The Detroit Tigers have designated veteran relief pitcher Jose Valverde for assignment, once again making everyone wonder if they have anyone in mind for their closer's spot.
Valverde, who struggled in the 2012 postseason, was brought back to the Tigers two months ago after failing to generate interest from other teams in free agency. Since rejoining Detroit, he failed to regain his form, converting just nine of 12 save opportunities and posting a 5.59 ERA.
The Tigers have 10 days to make a move with Valverde, and GM Dave Dombrowski indicated he hopes the veteran will accept an assignment to Triple-A.
"We have asked him if he would go to Triple-A for us, and try to work
with him there, try to get him straightened out," Dombrowski said. "He
did not give us an answer on that. It really doesn't make a difference
at this point, since we would still have to get waivers at some time. He
was open-minded to it. He didn't say no to it, but he needed some
It's possible Valverde will end up in Triple-A, just because I can't see any other team wanting him. The Tigers, however, are built to win now and can't screw around hoping Valverde will get his act together.

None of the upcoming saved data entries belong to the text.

(* Let $N\ge1$ be an integer. The normalizer of $\Gamma_0(N)$, viewed as a group of linear fractional transformations, acts transitively on $\mathbb Q$ if and only if $N=2^a3^bN'$ for some integers $0\le a<8$, $0\le b<4$ and a square-free integer $N'$ divisible neither by $2$ nor by $3$.
   Context: $\Gamma_0(N)$ is the subgroup of $\mathrm{SL}_2(\mathbb Z)$ of matrices whose bottom-left entry is divisible by $N$. Its normalizer is taken in the group of orientation-preserving linear fractional transformations $z\mapsto(az+b)/(cz+d)$ with $\begin{pmatrix}a&b\\c&d\end{pmatrix}\in\mathrm{GL}_2^+(\mathbb R)$, which act on $\mathbb R\cup\{\infty\}$. *)

theory Defs
  imports Complex_Main "HOL-Computational_Algebra.Squarefree"
begin

text \<open>2x2 real matrices (a,b,c,d) standing for [[a,b],[c,d]].\<close>
type_synonym mat2 = "real \<times> real \<times> real \<times> real"

fun mmul2 :: "mat2 \<Rightarrow> mat2 \<Rightarrow> mat2" where
  "mmul2 (a,b,c,d) (e,f,g,h) = (a*e + b*g, a*f + b*h, c*e + d*g, c*f + d*h)"

fun det2 :: "mat2 \<Rightarrow> real" where
  "det2 (a,b,c,d) = a*d - b*c"

fun minv2 :: "mat2 \<Rightarrow> mat2" where
  "minv2 (a,b,c,d) = (d / (a*d-b*c), -b / (a*d-b*c), -c / (a*d-b*c), a / (a*d-b*c))"

definition Gamma0 :: "nat \<Rightarrow> mat2 set" where
  "Gamma0 N = {(of_int a, of_int b, of_int c, of_int d) | a b c d :: int.
                 a*d - b*c = 1 \<and> int N dvd c}"

text \<open>Conjugation by M as a linear fractional
  transformation equals conjugation of matrices; since conjugates have determinant 1 and
  -1 is in Gamma_0(N), equality of the projective images is equality of matrix sets.\<close>
definition normalizer_Gamma0 :: "nat \<Rightarrow> mat2 set" where
  "normalizer_Gamma0 N = {M. det2 M > 0 \<and>
      (\<lambda>g. mmul2 (mmul2 M g) (minv2 M)) ` Gamma0 N = Gamma0 N}"

fun lft_defined :: "mat2 \<Rightarrow> real \<Rightarrow> bool" where
  "lft_defined (a,b,c,d) x = (c*x + d \<noteq> 0)"

fun lft :: "mat2 \<Rightarrow> real \<Rightarrow> real" where
  "lft (a,b,c,d) x = (a*x + b) / (c*x + d)"

end

(*
  Sufficiency: write N = h^2 K with K squarefree and h dividing 24, so that every unit modulo h
  is its own inverse.  Then the Atkin--Lehner type matrices [[h e a, b], [N c, h e d]] with
  N = h^2 e f and e a d - f b c = 1 normalize Gamma_0(N).  For every rational x one of them sends
  x to infinity (here K squarefree is used), and the Fricke involution [[0, -1], [N, 0]] sends
  infinity to 0; so every rational lies in the orbit of 0.

  Necessity: if an element M of the normalizer sends 0 to 1/m with m^2 dividing N, then the
  off-diagonal entries of the conjugates by M of [[1,1],[0,1]], [[1,0],[N,1]] and an arbitrary
  [[x,y],[N z,w]] in Gamma_0(N) force m | x - w.  As x w = 1 mod N, this gives m | x^2 - 1, and
  x can be any residue prime to m.  For m = 16, 9 and any prime p >= 5 this fails (x = 3, 2, 2).
*)

theory Submission
  imports Defs
begin

section \<open>Matrices and linear fractional transformations\<close>

definition conj2 :: "mat2 \<Rightarrow> mat2 \<Rightarrow> mat2" where
  "conj2 M g = mmul2 (mmul2 M g) (minv2 M)"
(* Let $d=\mu_+-\mu_-$, $\epsilon\in[0,d/4]$ and $K\in(1,\bar B_K(\epsilon))$, where $\bar B_K(\epsilon)=\min\{\exp((d-2\epsilon)^2/2),\ \phi^{-1}(d/\epsilon-2)\}$, $\phi:[1,\infty)\to[2,\infty)$, $\phi(x)=x+1/x$ (with $\phi^{-1}(+\infty):=+\infty$ when $\epsilon=0$). Define $$g(\epsilon;\theta,K)=\frac1K\exp\!\left(-\frac{(\theta+\epsilon-\mu_+)^2}{2K^2}\right)-\exp\!\left(-\frac{(\theta-\epsilon-\mu_-)^2}{2}\right).$$ Then for every $\theta\in[\theta_{\mathrm f},\theta^{(\epsilon)}_{\mathrm r}]$, $g(\epsilon;\theta,K)\le g(0;\theta,K)$.
   Context: Setting (one-dimensional Gaussian mixture). Fix real numbers $\mu_-<\mu_+$ and $K>1$, and let $d=\mu_+-\mu_-$. Let $(X,Y)$ be a random pair with $\Pr(Y=1)=\Pr(Y=-1)=\tfrac12$, $X\mid Y=-1\sim\mathcal N(\mu_-,1)$, and $X\mid Y=1\sim\mathcal N(\mu_+,K^2)$. For $\theta\in\mathbb R$, $f_\theta(x)=1$ if $x>\theta$ and $f_\theta(x)=-1$ otherwise. Class-conditional errors: $e_+(\theta)=\Pr(X\le\theta\mid Y=1)$, $e_-(\theta)=\Pr(X>\theta\mid Y=-1)$. For $\epsilon\ge0$, robust error: $R_{\mathrm{rob}}^{\epsilon}(\theta)=\tfrac12\Pr(X\le\theta+\epsilon\mid Y=1)+\tfrac12\Pr(X>\theta-\epsilon\mid Y=-1)$. $\theta_{\mathrm f}$ is the threshold in $[\mu_-,\mu_+]$ with $e_+(\theta_{\mathrm f})=e_-(\theta_{\mathrm f})$ (explicitly $\theta_{\mathrm f}=\mu_-+d/(K+1)$); $\theta^{(\epsilon)}_{\mathrm r}$ is the minimizer of $R^{\epsilon}_{\mathrm{rob}}$ over $[\mu_-,\mu_+]$. *)

theory Defs
  imports "HOL-Probability.Probability"
begin

definition gauss :: "real \<Rightarrow> real \<Rightarrow> real measure" where
  "gauss mu s = density lborel (normal_density mu s)"

text \<open>Robust error: 1/2 Pr(X \<le> theta+eps | Y=1) + 1/2 Pr(X > theta-eps | Y=-1),
  with X|Y=1 ~ N(mu_p, K^2) and X|Y=-1 ~ N(mu_m, 1).\<close>
definition R_rob :: "real \<Rightarrow> real \<Rightarrow> real \<Rightarrow> real \<Rightarrow> real \<Rightarrow> real" where
  "R_rob mu_m mu_p K eps theta =
     1/2 * measure (gauss mu_p K) {..theta + eps} + 1/2 * measure (gauss mu_m 1) {theta - eps<..}"

definition theta_f :: "real \<Rightarrow> real \<Rightarrow> real \<Rightarrow> real" where
  "theta_f mu_m mu_p K = mu_m + (mu_p - mu_m) / (K + 1)"

definition phi :: "real \<Rightarrow> real" where
  "phi x = x + 1 / x"

definition phi_inv :: "real \<Rightarrow> real" where
  "phi_inv y = (THE x. 1 \<le> x \<and> phi x = y)"

text \<open>Upper bound on K; for eps = 0 the second term is +\<infinity>.\<close>
definition B_K :: "real \<Rightarrow> real \<Rightarrow> real \<Rightarrow> real" where
  "B_K mu_m mu_p eps =
     (if eps = 0 then exp ((mu_p - mu_m)^2 / 2)
      else min (exp ((mu_p - mu_m - 2 * eps)^2 / 2)) (phi_inv ((mu_p - mu_m) / eps - 2)))"

definition g :: "real \<Rightarrow> real \<Rightarrow> real \<Rightarrow> real \<Rightarrow> real \<Rightarrow> real" where
  "g mu_m mu_p eps theta K =
     1 / K * exp (- ((theta + eps - mu_p)^2) / (2 * K^2)) - exp (- ((theta - eps - mu_m)^2) / 2)"

end

theory Submission
  imports Defs
begin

For now, Detroit says it will use Joaquin Benoit in the closer's role. Benoit has four saves this season, to go along with a 1.80 ERA. The long-time setup man has only 17 career saves, so it's unlikely the Tigers look at him as their solution for the rest of the season. Plus, even if Benoit fills the ninth-inning void for Detroit, they still need someone to replace him in the eighth inning.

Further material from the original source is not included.